Aleksandr disappeared into work, and he took Boris with him. Through the rest of the smothering summer into the ruddy fall, they worked: they collected signatures, they gave interviews, they brought up the Moscow bombings whenever it was appropriate and, quite often, when it was not. Aleksandr wrote articles for The Wall Street Journal to be read only by people who already agreed with him. He spoke to crowds that were not smaller but also not discernibly larger. Putin unveiled his successor, Medvedev—a skittish-seeming man with no appreciable credentials—who immediately announced that he’d make Putin his prime minister if he were elected. The week of his coronation, he polled at 79 percent.
To the crowds, Aleksandr unveiled his best lines yet: here in Putin’s Russia, the government is reviving the idea of collective guilt for dissidence. Here in Putin’s Russia, we put people on trial in cages in the courtroom. Here in Putin’s Russia, commercial airlines are exploded for politics. Do we want four more years, at least, of Putin’s Russia? Because with Medvedev, there is no doubting that is what we will get. And the crowds said no, they didn’t want that.

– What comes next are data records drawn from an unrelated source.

theorem lemma3p4:
  fixes n :: nat and C1 \<alpha> :: real
  assumes "n > 0" and "C1 > 0" and "0 < \<alpha>" and "\<alpha> < 1"
  shows "\<exists>C. \<forall>P :: real poly. degree P = n \<and> lead_coeff P = 1 \<longrightarrow>
           summable (\<lambda>k. measure lebesgue (Eset n C1 P k) powr \<alpha>) \<and>
           (\<Sum>k. measure lebesgue (Eset n C1 P k) powr \<alpha>) \<le> C"
proof -
  define K where "K = 8 * real n / C1"
  have "K > 0" using assms by (simp add: K_def)
  show ?thesis
  proof (intro exI[of _ "(2 * K) powr \<alpha> * (real n * (1 / (1 - (1/2) powr (\<alpha>/2))))"] allI impI)
    fix P :: "real poly"
    assume "degree P = n \<and> lead_coeff P = 1"
    then obtain r :: "nat \<Rightarrow> complex" where fac: "map_poly of_real P = (\<Prod>i<n. [:-r i, 1:])"
      using monic_real_poly_splits[of P] by auto
    have "measure lebesgue (Eset n C1 P k) powr \<alpha>
            \<le> (2 * K) powr \<alpha> * (\<Sum>i<n. dyadic_width (\<bar>Im (r i)\<bar> / K) k powr \<alpha>)" for k
      using measure_Eset_powr_le[OF fac assms(1-3) less_imp_le[OF assms(4)]] unfolding K_def .
    moreover have "summable (\<lambda>k. dyadic_width (\<bar>Im (r i)\<bar> / K) k powr \<alpha>)"
      and "(\<Sum>k. dyadic_width (\<bar>Im (r i)\<bar> / K) k powr \<alpha>) \<le> 1 / (1 - (1/2) powr (\<alpha>/2))" for i
      using summable_dyadic_width_powr[of "\<bar>Im (r i)\<bar> / K" \<alpha>] \<open>K > 0\<close> assms(3) by simp_all
    ultimately show "summable (\<lambda>k. measure lebesgue (Eset n C1 P k) powr \<alpha>) \<and>
        (\<Sum>k. measure lebesgue (Eset n C1 P k) powr \<alpha>)
          \<le> (2 * K) powr \<alpha> * (real n * (1 / (1 - (1/2) powr (\<alpha>/2))))"
      using summable_dominated_by_finite_sum[where I = "{..<n}" and c = "(2 * K) powr \<alpha>"
          and g = "\<lambda>i k. dyadic_width (\<bar>Im (r i)\<bar> / K) k powr \<alpha>"
          and B = "1 / (1 - (1/2) powr (\<alpha>/2))"]
      by simp
  qed
qed

end
lemma common_eigenvector:
  assumes "finite Ts" "subspace U" "finite_dim U" "u \<in> U" "u \<noteq> 0"
    and "\<And>T. T \<in> Ts \<Longrightarrow> linear_op T" "\<And>T. T \<in> Ts \<Longrightarrow> T ` U \<subseteq> U"
    and "\<And>S T x. S \<in> Ts \<Longrightarrow> T \<in> Ts \<Longrightarrow> x \<in> U \<Longrightarrow> S (T x) = T (S x)"
  shows "\<exists>w\<in>U. w \<noteq> 0 \<and> (\<forall>T\<in>Ts. \<exists>r. T w = scl r w)"
  using assms(1) assms(2-)
proof (induction Ts arbitrary: U u rule: finite_induct)
  case empty
  then show ?case by blast
next
  case (insert T Ts)
  obtain w r where w: "w \<in> U" "w \<noteq> 0" "T w = scl r w"
    using eigenvector_exists[of U u T] insert.prems by auto
  define E where "E = {x\<in>U. T x = scl r x}"
  have "subspace E" unfolding E_def by (rule subspace_eigenspace) (use insert.prems in auto)
  moreover have "finite_dim E" using insert.prems(2) finite_dim_subset by (auto simp: E_def)
  moreover have "S ` E \<subseteq> E" if "S \<in> Ts" for S
    unfolding E_def by (rule eigenspace_invariant) (use insert.prems that in auto)
  ultimately obtain v where "v \<in> E" "v \<noteq> 0" "\<forall>S\<in>Ts. \<exists>c. S v = scl c v"
    using insert.IH[of E w] w insert.prems by (auto simp: E_def)
  then show ?case by (auto simp: E_def)
qed

lemma scalar_commutator_poly_comb:
  assumes "linear_op S" "linear_op A" "A ` E \<subseteq> E" "u \<in> E" "S u = 0"
    and "\<And>x. x \<in> E \<Longrightarrow> S (A x) - A (S x) = scl a x"
  shows "S (poly_comb p (\<lambda>i. (A ^^ i) u)) = scl a (poly_comb (pderiv p) (\<lambda>i. (A ^^ i) u))"
proof -
  have orbit: "(A ^^ i) u \<in> E" for i
    by (induct i) (use assms(3,4) in auto)
  have powers: "S ((A ^^ Suc i) u) = scl (of_nat (Suc i)) (scl a ((A ^^ i) u))" for i
  proof (induct i)
    case 0
    then show ?case using assms(6)[OF assms(4)] assms(5) pair.linear_0[OF assms(2)] by simp
  next
    case (Suc i)
    have "S ((A ^^ Suc (Suc i)) u) = A (S ((A ^^ Suc i) u)) + scl a ((A ^^ Suc i) u)"
      using assms(6)[OF orbit[of "Suc i"]] by (simp add: algebra_simps)
    also have "\<dots> = scl (of_nat (Suc i)) (scl a ((A ^^ Suc i) u)) + scl a ((A ^^ Suc i) u)"
      unfolding Suc by (simp only: pair.linear_scale[OF assms(2)] funpow.simps comp_apply)
    also have "\<dots> = scl (of_nat (Suc (Suc i))) (scl a ((A ^^ Suc i) u))"
      by (simp only: of_nat_Suc[of "Suc i"] scale_left_distrib scale_one add.commute)
    finally show ?case .
  qed
  have "S (poly_comb p (\<lambda>i. (A ^^ i) u)) = poly_comb p (\<lambda>i. S ((A ^^ i) u))"
    by (rule poly_comb_linear[OF assms(1)])
  also have "\<dots> = poly_comb p (\<lambda>i. scl (of_nat i) (scl a ((A ^^ (i - 1)) u)))"
  proof -
    have "S ((A ^^ i) u) = scl (of_nat i) (scl a ((A ^^ (i - 1)) u))" for i
      by (cases i) (simp_all add: assms(5) powers del: funpow.simps)
    then show ?thesis by simp
  qed
  also have "\<dots> = scl a (poly_comb (pderiv p) (\<lambda>i. (A ^^ i) u))"
    unfolding poly_comb_pderiv diff_Suc_1 poly_comb_scale_right ..
  finally show ?thesis .
qed

(* [S, p(A)] u = a p'(A) u, so the minimal annihilating polynomial of u would have its derivative as
   a smaller one. *)
lemma scalar_commutator_kernel:
  assumes "finite_dim E" "linear_op S" "linear_op A" "A ` E \<subseteq> E" "u \<in> E" "S u = 0"
    and "\<And>x. x \<in> E \<Longrightarrow> S (A x) - A (S x) = scl a x" "a \<noteq> 0"
  shows "u = 0"
proof (rule ccontr)
  assume "u \<noteq> 0"
  have orbit: "(A ^^ i) u \<in> E" for i
    by (induct i) (use assms(4,5) in auto)
  obtain p where p: "p \<noteq> 0" "poly_comb p (\<lambda>i. (A ^^ i) u) = 0" "degree p > 0"
    and minimal: "\<And>q. degree q < degree p \<Longrightarrow> poly_comb q (\<lambda>i. (A ^^ i) u) = 0 \<Longrightarrow> q = 0"
    using minimal_annihilating_poly[of E "\<lambda>i. (A ^^ i) u"] assms(1) orbit \<open>u \<noteq> 0\<close> by auto
  have "scl a (poly_comb (pderiv p) (\<lambda>i. (A ^^ i) u)) = 0"
    using scalar_commutator_poly_comb[OF assms(2-7), of p] p(2) pair.linear_0[OF assms(2)] by simp
  then have "pderiv p = 0"
    using minimal[of "pderiv p"] p(3) assms(8) by (simp add: degree_pderiv)
  then show False using p(3) by (simp add: pderiv_eq_0_iff)
qed
(* Let $1\le s\le d$. Natural data $\bar x$ is uniform on $\{-1,1\}^d$; an augmentation $x\sim\mathcal{A}(\bar x)$ multiplies coordinate $j$ of $\bar x$ by an independent $\tau_j\sim\mathrm{Unif}[\tfrac12,1]$ for $j=s+1,\dots,d$ and keeps the first $s$ coordinates. Let $p_{\mathrm{data}}$ be the distribution of $x$ and $p_{\mathrm{pos}}$ the distribution of $(x,x^+)$, two independent augmentations of a common $\bar x$. The downstream task is $m$-way classification with label $y:\mathcal{X}\to[m]$ such that $y(x)=y(x')$ whenever $x_{1:s}=x'_{1:s}$. For $\lambda>0$ let $\mathcal{L}_\lambda(f)=\mathbb{E}_{(x,x^+)\sim p_{\mathrm{pos}}}[\|f(x)-f(x^+)\|_2^2]+\lambda\|\mathbb{E}_{x\sim p_{\mathrm{data}}}[f(x)f(x)^\top]-\mathbb{I}\|_F^2$. (1) Let $k=2^s$ and $\mathcal{F}_{\mathrm{ReLU}}=\{x\mapsto\sigma(Ux+b):U\in\mathbb{R}^{k\times d},b\in\mathbb{R}^k\}$ with $\sigma$ the entrywise ReLU. Let $\lambda>0$ and $\hat f\in\arg\min_{f\in\mathcal{F}_{\mathrm{ReLU}}}\mathcal{L}_\lambda(f)$. Then there exists $W\in\mathbb{R}^{m\times k}$ with $\mathbb{E}_{x\sim p_{\mathrm{data}}}[\|W\hat f(x)-e_{y(x)}\|_2^2]=0$. (2) Let $\mathcal{F}_{\mathrm{uni}}$ be the class of all functions $\mathbb{R}^d\to\mathbb{R}^k$. If $k\le2^{d-s}$, there exists $\hat f'\in\arg\min_{f\in\mathcal{F}_{\mathrm{uni}}}\mathcal{L}_\lambda(f)$ such that every $W\in\mathbb{R}^{m\times k}$ satisfies $\mathbb{E}_{x\sim p_{\mathrm{data}}}[\|W\hat f'(x)-e_{y(x)}\|_2^2]\ge\frac12$.
   Context: $e_j\in\mathbb{R}^m$ denotes the $j$-th standard basis vector. *)

theory Defs
  imports "HOL-Probability.Probability"
begin

text \<open>Vectors in R^n are represented as functions nat \<Rightarrow> real, coordinates 0..n-1
  (coordinate j+1 of the paper is index j here); unused coordinates are irrelevant/zero.\<close>

definition cube :: "nat \<Rightarrow> (nat \<Rightarrow> real) set" where
  "cube d = {xb. (\<forall>j<d. xb j = -1 \<or> xb j = 1) \<and> (\<forall>j\<ge>d. xb j = 0)}"

definition tau_measure :: "nat \<Rightarrow> nat \<Rightarrow> (nat \<Rightarrow> real) measure" where
  "tau_measure s d = PiM {s..<d} (\<lambda>_. uniform_measure lborel {1/2..1::real})"

definition aug :: "nat \<Rightarrow> nat \<Rightarrow> (nat \<Rightarrow> real) \<Rightarrow> (nat \<Rightarrow> real) \<Rightarrow> (nat \<Rightarrow> real)" where
  "aug s d xb \<tau> = (\<lambda>j. if j < s then xb j else if j < d then \<tau> j * xb j else 0)"

definition E_data :: "nat \<Rightarrow> nat \<Rightarrow> ((nat \<Rightarrow> real) \<Rightarrow> real) \<Rightarrow> real" where
  "E_data s d g = (\<Sum>xb\<in>cube d. \<integral>\<tau>. g (aug s d xb \<tau>) \<partial>tau_measure s d) / 2 ^ d"

definition E_pos :: "nat \<Rightarrow> nat \<Rightarrow> ((nat \<Rightarrow> real) \<Rightarrow> (nat \<Rightarrow> real) \<Rightarrow> real) \<Rightarrow> real" where
  "E_pos s d h = (\<Sum>xb\<in>cube d. \<integral>\<tau>. (\<integral>\<tau>'. h (aug s d xb \<tau>) (aug s d xb \<tau>') \<partial>tau_measure s d)
       \<partial>tau_measure s d) / 2 ^ d"

definition loss :: "nat \<Rightarrow> nat \<Rightarrow> nat \<Rightarrow> real \<Rightarrow> ((nat \<Rightarrow> real) \<Rightarrow> (nat \<Rightarrow> real)) \<Rightarrow> real" where
  "loss s d k lam f =
     E_pos s d (\<lambda>x x'. \<Sum>i<k. (f x i - f x' i)^2)
     + lam * (\<Sum>i<k. \<Sum>j<k. (E_data s d (\<lambda>x. f x i * f x j) - (if i = j then 1 else 0))^2)"

text \<open>Functions R^d \<rightarrow> R^k for which the loss is well-defined: measurable with finite
  second moments under p_data.\<close>
definition admissible :: "nat \<Rightarrow> nat \<Rightarrow> nat \<Rightarrow> ((nat \<Rightarrow> real) \<Rightarrow> (nat \<Rightarrow> real)) \<Rightarrow> bool" where
  "admissible s d k f \<longleftrightarrow> (\<forall>xb\<in>cube d. \<forall>i<k.
      (\<lambda>\<tau>. f (aug s d xb \<tau>) i) \<in> borel_measurable (tau_measure s d) \<and>
      integrable (tau_measure s d) (\<lambda>\<tau>. (f (aug s d xb \<tau>) i)^2))"

definition relu_net :: "nat \<Rightarrow> nat \<Rightarrow> (nat \<Rightarrow> nat \<Rightarrow> real) \<Rightarrow> (nat \<Rightarrow> real) \<Rightarrow> (nat \<Rightarrow> real) \<Rightarrow> (nat \<Rightarrow> real)" where
  "relu_net d k U b = (\<lambda>x i. if i < k then max 0 ((\<Sum>j<d. U i j * x j) + b i) else 0)"

definition F_relu :: "nat \<Rightarrow> nat \<Rightarrow> ((nat \<Rightarrow> real) \<Rightarrow> (nat \<Rightarrow> real)) set" where
  "F_relu d k = {relu_net d k U b | U b. True}"

definition down_err :: "nat \<Rightarrow> nat \<Rightarrow> nat \<Rightarrow> nat \<Rightarrow> ((nat \<Rightarrow> real) \<Rightarrow> nat) \<Rightarrow>
    (nat \<Rightarrow> nat \<Rightarrow> real) \<Rightarrow> ((nat \<Rightarrow> real) \<Rightarrow> (nat \<Rightarrow> real)) \<Rightarrow> real" where
  "down_err s d k m y W f =
     E_data s d (\<lambda>x. \<Sum>i<m. ((\<Sum>j<k. W i j * f x j) - (if i = y x then 1 else 0))^2)"

end

theory Submission
  imports Defs
begin

(*
  The loss vanishes exactly when every feature is almost surely constant on the augmentation
  fibre of each cube point and these constants, as vectors indexed by the 2^d cube points, are
  orthogonal of squared norm 2^d.

  (1) Suitably scaled indicators of the 2^s prefixes x_{1:s} are ReLU features of zero loss, so a
  minimiser in F_relu has zero loss. Where the constant value of a feature on a fibre is positive,
  the ReLU acts as the identity and the feature is an affine function of the factors tau_j; being
  a.s. constant on [1/2,1]^{d-s}, it does not depend on them, i.e. its weights on the last d - s
  coordinates vanish. Every feature is positive somewhere, so all features depend on the prefix
  only. Nonnegative orthogonal features have disjoint supports, so the 2^s nonzero features on
  the 2^s prefixes are, up to order and scaling, the indicators of single prefixes, and a linear
  probe reads off the label, which also depends on the prefix only.

  (2) The indicators sqrt(2^d) [x = beta_i] of k distinct cube points also have zero loss, since
  augmentation preserves signs, but they vanish on the remaining 2^d - k >= 2^(d-1) points,
  where every probe outputs 0 and misses the one-hot label by 1.
*)

section \<open>The augmentation measure\<close>

interpretation tau: prob_space "tau_measure s d" for s d
  unfolding tau_measure_def by (intro prob_space_PiM prob_space_uniform_measure) auto

lemma measurable_aug [measurable]: "(\<lambda>\<tau>. aug s d x \<tau> j) \<in> borel_measurable (tau_measure s d)"
proof (cases "j \<in> {s..<d}")
  case True
  then have "(\<lambda>\<tau>. aug s d x \<tau> j) = (\<lambda>\<tau>. \<tau> j * x j)" by (auto simp: aug_def)
  with True show ?thesis unfolding tau_measure_def by simp
qed (cases "j < s"; simp add: aug_def)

At the end of November, one of the rallies got ugly, and Aleksandr was beaten by a small mob. The Kremlin sneeringly reported that he had spoken English to the reporters there. “I spoke Russian, too,” he snarled at Radio Free Europe, even though his lip still hurt when he talked too quickly. “I speak Russian quite well, in fact, and I’d be more than happy to debate Vladimir Vladimirovich on national television so that we can see who speaks it better.”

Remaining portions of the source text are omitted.